◆ Task inputs
text \<open>Push \<open>\<mu>\<^sub>t\<close> forward by \<open>\<Gamma>\<^sup>\<gamma>\<close>: then \<open>\<rho>bar\<close> is the first marginal of \<open>\<nu> = \<Gamma>\<^sup>\<gamma>\<^sub>#\<mu>\<^sub>t\<close>, and the
  density \<open>J\<close> of \<open>jbar\<close> is the conditional expectation under \<open>\<nu>\<close>, given the position \<open>x\<close>, of
  \<open>G(x,v) = F(x - v/\<gamma>, \<rho>)\<close>. Conditional expectation is an \<open>L\<^sup>2\<close>-contraction towards every
  function of \<open>x\<close>, in particular towards \<open>F(x, \<rho>bar)\<close>, and changing variables back through
  \<open>\<Gamma>\<^sup>\<gamma>\<close> turns \<open>\<integral> |G - F(x, \<rho>bar)|\<^sup>2 d\<nu>\<close> into the right-hand side.

  The contraction needs \<open>F(\<cdot>, \<rho>bar)\<close> to be Borel measurable, although \<open>\<Phi>\<close> and \<open>K\<close> are
  arbitrary functions. The gradient of an arbitrary \<open>f : R\<^sup>d \<rightarrow> R\<close> is Borel: the points where
  \<open>w\<close> is an \<open>e\<close>-approximate gradient of \<open>f\<close> on a ball of radius \<open>d\<close> form a closed set, and
  both the set of points of differentiability and the preimages of open sets under the gradient
  are countable unions and intersections of such sets, with \<open>w\<close> ranging over a countable dense
  set.\<close>

text \<open>Comparing \<open>f\<close> at two points \<open>y, z\<close> of the ball, rather than with \<open>f x\<close>, makes
  this set closed in \<open>x\<close> without any regularity of \<open>f\<close>.\<close>

definition approx_grad_ball :: "('a::real_inner \<Rightarrow> real) \<Rightarrow> 'a \<Rightarrow> real \<Rightarrow> real \<Rightarrow> 'a set" where
  "approx_grad_ball f w e d = {x. \<forall>y z. norm (y - x) < d \<longrightarrow> norm (z - x) < d \<longrightarrow>
      \<bar>f y - f z - w \<bullet> (y - z)\<bar> \<le> e * (norm (y - x) + norm (z - x))}"

definition approx_grad_points :: "('a::real_inner \<Rightarrow> real) \<Rightarrow> 'a \<Rightarrow> real \<Rightarrow> 'a set" where
  "approx_grad_points f w e = {x. \<exists>d>0. x \<in> approx_grad_ball f w e d}"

◆ What you will do
Please copy each line of the material that has the string "sets" somewhere in it.

◆ Answer below
  both the set of points of differentiability and the preimages of open sets under the gradient
  are countable unions and intersections of such sets, with \<open>w\<close> ranging over a countable dense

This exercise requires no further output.